The reported findings have important implications for molecular genetic studies of nicotine dependence, but there are limitations that should be noted. For example, the UCSF Family sample was originally selected for alcohol dependence. Thus, it is not clear how the reported findings will generalize to populations without this bias, though a previous study reporting evidence of linkage to the chromosome 2 region used a sample selected for nicotine rather than alcohol dependence (Loukola et al., 2008). Additionally, categorizing ‘never smokers’ and ‘not nicotine dependent’ participants as unaffected individuals may have influenced study results (Munafo et al., 2004). Given that unique genetic influences contribute to the initiation and persistent use of tobacco (Madden & Heath, 1995), combining these participants into a single unaffected category likely limited our ability to detect these unique genetic influences. Nonetheless, there is substantial overlap in the genetic influences contributing to these stages of tobacco use (Sullivan and Kendler, 1999), providing justification for this approach. The statistical power of the present study is another possible limitation. Linkage studies lack sufficient statistical power for identifying loci with small effects, and this may explain the lack of support for loci such as chromosomes 9q and 10q that have been previously linked to nicotine dependence.

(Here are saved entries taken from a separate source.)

(* Let $\mathcal H$ be a separable Hilbert space and $\rho$ a distribution on $(X,Y)\in\mathcal H\times\mathbb R$ with covariance operator $H=\mathbb E[X\otimes X]$, having eigenpairs $(\lambda_i,v_i)$ with $\lambda_i>0$. Assume the noiseless model: there is $\theta_*\in\mathcal H$ with $\langle\theta_*,X\rangle=Y$ $\rho$-a.s.; let $M_0=\theta_*\theta_*^\top$. Assume (capacity condition) there are $\alpha\in(0,1)$ and a finite $R_\alpha>0$ with $\mathbb E[\langle X,H^{-\alpha}X\rangle XX^\top]\preccurlyeq R_\alpha H$, and (source condition) there is $\beta>-1$ with $C_\beta:=\operatorname{tr}(H^{-\beta}M_0)=\sum_i\lambda_i^{-\beta}\langle v_i,\theta_*\rangle^2<+\infty$. Let $\xi_\alpha=\sum_{n\ge1}n^{-(1+\alpha)}$ and let $\gamma>0$ satisfy $\gamma^{1-\alpha}\le(32\xi_\alpha R_\alpha)^{-1}$. Let $(x_t,y_t)_{t\ge0}$ be i.i.d. from $\rho$ and run SGD $\theta_0=0$, $\theta_{t+1}=\theta_t-\gamma(\langle\theta_t,x_t\rangle-y_t)x_t$. Then for every $T\ge3$, $$\mathbb E\,\mathcal R(\theta_T)\le 2C_\beta\Big(\frac{1+\beta}{\gamma}\Big)^{1+\beta}\frac{1}{T^{1+\min(\alpha,\beta)}},$$ where $\mathcal R(\theta)=\tfrac12\mathbb E_\rho(\langle\theta,X\rangle-Y)^2$.
   Context: $\preccurlyeq$ is the Loewner order; powers $H^{-\alpha}$, $H^{-\beta}$ are defined via the eigendecomposition of $H$. *)

theory Defs
  imports "HOL-Analysis.Analysis" "HOL-Probability.Probability"
begin

definition cov_op :: "('a::{real_inner,banach,second_countable_topology} \<times> real) measure \<Rightarrow> 'a \<Rightarrow> 'a" where
  "cov_op \<rho> u = (\<integral>z. (u \<bullet> fst z) *\<^sub>R fst z \<partial>\<rho>)"

definition risk :: "('a::real_inner \<times> real) measure \<Rightarrow> 'a \<Rightarrow> real" where
  "risk \<rho> \<theta> = (1/2) * (\<integral>z. (\<theta> \<bullet> fst z - snd z)\<^sup>2 \<partial>\<rho>)"

text \<open>Quadratic form <x, H^(-a) x> with H^(-a) defined through the eigendecomposition
  (v i, lam i), i in I, of H; value in [0, infinity].\<close>
definition neg_pow_qf :: "'i set \<Rightarrow> ('i \<Rightarrow> real) \<Rightarrow> ('i \<Rightarrow> 'a::real_inner) \<Rightarrow> real \<Rightarrow> 'a \<Rightarrow> ennreal" where
  "neg_pow_qf I lam v a x = (\<Sum>\<^sub>\<infinity>i\<in>I. ennreal (lam i powr (-a) * (x \<bullet> v i)\<^sup>2))"

text \<open>Loewner order written out on quadratic forms:
  E[<X,H^(-a)X> X X^T] \<preccurlyeq> R H  iff  for all u,
  E[<X,H^(-a)X> <u,X>^2] \<le> R <u, H u> = R E[<u,X>^2].\<close>
definition capacity_cond :: "('a::real_inner \<times> real) measure \<Rightarrow> 'i set \<Rightarrow> ('i \<Rightarrow> real) \<Rightarrow> ('i \<Rightarrow> 'a) \<Rightarrow> real \<Rightarrow> real \<Rightarrow> bool" where
  "capacity_cond \<rho> I lam v a R \<longleftrightarrow>
     (\<forall>u. (\<integral>\<^sup>+ z. neg_pow_qf I lam v a (fst z) * ennreal ((u \<bullet> fst z)\<^sup>2) \<partial>\<rho>)
            \<le> ennreal R * (\<integral>\<^sup>+ z. ennreal ((u \<bullet> fst z)\<^sup>2) \<partial>\<rho>))"

definition source_const :: "'i set \<Rightarrow> ('i \<Rightarrow> real) \<Rightarrow> ('i \<Rightarrow> 'a::real_inner) \<Rightarrow> real \<Rightarrow> 'a \<Rightarrow> real" where
  "source_const I lam v b \<theta> = (\<Sum>\<^sub>\<infinity>i\<in>I. lam i powr (-b) * (v i \<bullet> \<theta>)\<^sup>2)"

definition xi :: "real \<Rightarrow> real" where
  "xi a = (\<Sum>n. real (Suc n) powr (-(1 + a)))"

fun sgd :: "real \<Rightarrow> (nat \<Rightarrow> 'a::real_inner \<times> real) \<Rightarrow> nat \<Rightarrow> 'a" where
  "sgd \<gamma> z 0 = 0"
| "sgd \<gamma> z (Suc t) = sgd \<gamma> z t - (\<gamma> * (sgd \<gamma> z t \<bullet> fst (z t) - snd (z t))) *\<^sub>R fst (z t)"

end

(*
  Write eta_t = theta_t - theta_* and, for weights w on the eigenbasis,
  Q_w(eta) = sum_i w_i <eta, v_i>^2, so that the expected risk is E Q_lambda(eta_T) / 2.
  In the noiseless model eta_{t+1} = (I - gamma x_t x_t^T) eta_t.  Averaging over the fresh
  sample, the drift multiplies each weight by (1 - 2 gamma lambda_i), while the capacity
  condition bounds the fluctuation by gamma^2 K R_alpha Q_lambda(eta_t) whenever
  w_i <= K lambda_i^(-alpha).  The decayed weights lambda_i (1 - 2 gamma lambda_i)^k satisfy
  this with K of order (gamma (k+1))^(-(1+alpha)), so unrolling the recursion yields a
  Volterra inequality
    a_t <= F_t + sum_{u<t} gamma^(1-alpha) R_alpha (t-u)^(-(1+alpha)) a_u
  for a_t = E Q_lambda(eta_t), where F_t = O(C_beta t^(-r)), r = 1 + min(alpha, beta), comes
  from the source condition.  The step size condition makes the convolution of the kernel
  with (t+1)^(-r) at most (t+1)^(-r) / 4, so 4 F_t / 3 is a supersolution and dominates a_t.
*)
theory Submission
  imports Defs
begin

section \<open>Nonnegative sums and integrals\<close>

lemma infsum_ennreal_from_nat_into:
  fixes f :: "'i \<Rightarrow> ennreal"
  assumes "countable I" "infinite I"
  shows "(\<Sum>\<^sub>\<infinity>i\<in>I. f i) = (\<Sum>n. f (from_nat_into I n))"
proof -
  have "(\<Sum>\<^sub>\<infinity>i\<in>I. f i) = (\<Sum>\<^sub>\<infinity>n\<in>UNIV. f (from_nat_into I n))"
    using bij_betw_from_nat_into[OF assms] by (rule infsum_reindex_bij_betw[symmetric])
  also have "\<dots> = (\<Sum>n. f (from_nat_into I n))"
    by (rule sums_unique[OF has_sum_imp_sums[OF has_sum_infsum]]) (simp add: nonneg_summable_on_complete)
  finally show ?thesis .
qed

lemma borel_measurable_infsum_ennreal[measurable (raw)]:
  fixes f :: "'i \<Rightarrow> 'b \<Rightarrow> ennreal"
  assumes "countable I" and "\<And>i. i \<in> I \<Longrightarrow> f i \<in> borel_measurable M"
  shows "(\<lambda>x. \<Sum>\<^sub>\<infinity>i\<in>I. f i x) \<in> borel_measurable M"
proof (cases "finite I")
  case False
  then show ?thesis
    using assms by (simp add: infsum_ennreal_from_nat_into from_nat_into infinite_imp_nonempty)
qed (use assms in simp)

lemma nn_integral_infsum_ennreal:
  fixes f :: "'i \<Rightarrow> 'b \<Rightarrow> ennreal"
  assumes "countable I" and "\<And>i. i \<in> I \<Longrightarrow> f i \<in> borel_measurable M"
  shows "(\<integral>\<^sup>+x. (\<Sum>\<^sub>\<infinity>i\<in>I. f i x) \<partial>M) = (\<Sum>\<^sub>\<infinity>i\<in>I. \<integral>\<^sup>+x. f i x \<partial>M)"
proof (cases "finite I")
  case True
  then show ?thesis using assms by (simp add: nn_integral_sum)
next
  case False
  then show ?thesis
    using assms by (simp add: infsum_ennreal_from_nat_into nn_integral_suminf from_nat_into infinite_imp_nonempty)
qed

lemma infsum_ennreal_cmult:
  fixes f :: "'i \<Rightarrow> ennreal"
  assumes "countable I"
  shows "(\<Sum>\<^sub>\<infinity>i\<in>I. c * f i) = c * (\<Sum>\<^sub>\<infinity>i\<in>I. f i)"
  using assms by (cases "finite I") (simp_all add: infsum_ennreal_from_nat_into sum_distrib_left)

lemma member_le_infsum_ennreal:
  fixes f :: "'i \<Rightarrow> ennreal"
  assumes "j \<in> I"
  shows "f j \<le> (\<Sum>\<^sub>\<infinity>i\<in>I. f i)"
  using infsum_mono_neutral[of f "{j}" f I] assms by (simp add: nonneg_summable_on_complete)

lemma ennreal_infsum:
  fixes f :: "'i \<Rightarrow> real"
  assumes "f summable_on I" and "\<And>i. i \<in> I \<Longrightarrow> 0 \<le> f i"
  shows "ennreal (\<Sum>\<^sub>\<infinity>i\<in>I. f i) = (\<Sum>\<^sub>\<infinity>i\<in>I. ennreal (f i))"
proof -
  have "ennreal (\<Sum>\<^sub>\<infinity>i\<in>I. f i) = (SUP F\<in>{F. finite F \<and> F \<subseteq> I}. ennreal (sum f F))"
    using assms by (rule infsum_nonneg_is_SUPREMUM_ennreal)
  also have "\<dots> = (SUP F\<in>{F. finite F \<and> F \<subseteq> I}. (\<Sum>i\<in>F. ennreal (f i)))"
    using assms(2) by (intro SUP_cong refl) (auto intro!: sum_ennreal[symmetric])
  also have "\<dots> = (\<Sum>\<^sub>\<infinity>i\<in>I. ennreal (f i))"
    by (rule nonneg_infsum_complete[symmetric]) simp
  finally show ?thesis .
qed

lemma nn_integral_add_integrable_le:
  fixes g h :: "'b \<Rightarrow> real"
  assumes g: "integrable M g" and h[measurable]: "h \<in> borel_measurable M" "\<And>x. 0 \<le> h x"
    and gh: "\<And>x. 0 \<le> g x + h x"
  shows "(\<integral>\<^sup>+x. ennreal (g x + h x) \<partial>M) \<le> ennreal (\<integral>x. g x \<partial>M) + (\<integral>\<^sup>+x. ennreal (h x) \<partial>M)"
proof (cases "(\<integral>\<^sup>+x. ennreal (h x) \<partial>M) = \<infinity>")
  case False
  then have h_int: "integrable M h"
    using h by (intro integrableI_nonneg) (auto simp: top.not_eq_extremum)
  have "(\<integral>\<^sup>+x. ennreal (g x + h x) \<partial>M) = ennreal ((\<integral>x. g x \<partial>M) + (\<integral>x. h x \<partial>M))"
    using g h_int gh by (simp add: nn_integral_eq_integral)
  also have "\<dots> \<le> ennreal (\<integral>x. g x \<partial>M) + ennreal (\<integral>x. h x \<partial>M)"
    by (cases "0 \<le> (\<integral>x. g x \<partial>M)") (auto simp: h integral_nonneg_AE ennreal_neg intro!: ennreal_leI)
  also have "ennreal (\<integral>x. h x \<partial>M) = (\<integral>\<^sup>+x. ennreal (h x) \<partial>M)"
    using h_int h by (simp add: nn_integral_eq_integral)
  finally show ?thesis .
qed simp

lemma source_const_nonneg: "0 \<le> source_const I lam v \<beta> \<theta>"
  unfolding source_const_def by (rule infsum_nonneg) simp

section \<open>Elementary estimates\<close>

lemma powr_mult_exp_le:
  fixes x q c :: real
  assumes x: "x > 0" and q: "q > 0" and c: "c > 0"
  shows "x powr q * exp (- c * x) \<le> (q / (exp 1 * c)) powr q"
proof -
  have "ln (c * x / q) \<le> c * x / q - 1"
    using x q c by (intro ln_le_minus_one) simp
  then have "q * ln (c * x / q) \<le> c * x - q"
    using q by (simp add: field_simps)
  then have key: "q * ln x - c * x \<le> q * (ln q - 1 - ln c)"
    using x q c by (simp add: ln_mult ln_div algebra_simps)
  have "x powr q * exp (- c * x) = exp (q * ln x - c * x)"
    using x by (simp add: powr_def exp_diff exp_minus field_simps)
  also have "\<dots> \<le> exp (q * (ln q - 1 - ln c))"
    using key by simp
  also have "\<dots> = (q / (exp 1 * c)) powr q"
    using q c by (simp add: powr_def ln_div ln_mult ac_simps)
  finally show ?thesis .
qed

lemma powr_mult_one_minus_power_le:
  fixes x q :: real
  assumes x: "0 < x" "x \<le> 1/2" and q: "q > 0" and k: "k \<ge> 1"
  shows "x powr q * (1 - 2*x)^k \<le> (q / (2 * exp 1 * k)) powr q"
proof -
  have "(1 - 2*x)^k \<le> exp (- 2*x)^k"
    using x exp_ge_add_one_self[of "-2*x"] by (intro power_mono) auto
  also have "\<dots> = exp (- (2*k) * x)"
    by (simp add: exp_of_nat_mult[symmetric] ac_simps)
  finally have "x powr q * (1 - 2*x)^k \<le> x powr q * exp (- (2*k) * x)"
    by (intro mult_left_mono) auto
  also have "\<dots> \<le> (q / (2 * exp 1 * k)) powr q"
    using powr_mult_exp_le[of x q "2*k"] x q k by (simp add: ac_simps)
  finally show ?thesis .
qed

In summary, the current study adds to the literature by supporting evidence of genetic linkage of chromosome 2q to nicotine dependence. This study extends this finding by showing that this region confers risk to the full nicotine dependence diagnosis rather than a specific facet of the disorder. Finally, the present study suggests this locus, as well as the additional loci identified, confers risk to nicotine but not alcohol dependence, thus providing evidence that this genomic region may harbor a gene specifically involved in the physiological effects and/or metabolism of nicotine.
Declaration of Interest: Supported by funds from the State of California for medical research on alcohol and substance abuse through the University of California at San Francisco. Additional support was provided by the Ernest Gallo Clinic and Research Center (KCW), AA10201 and U54 RR0250204 (CLE), and T32 AA007573 (IRG).
The authors report no additional disclosures or conflicts of interest relevant to this manuscript.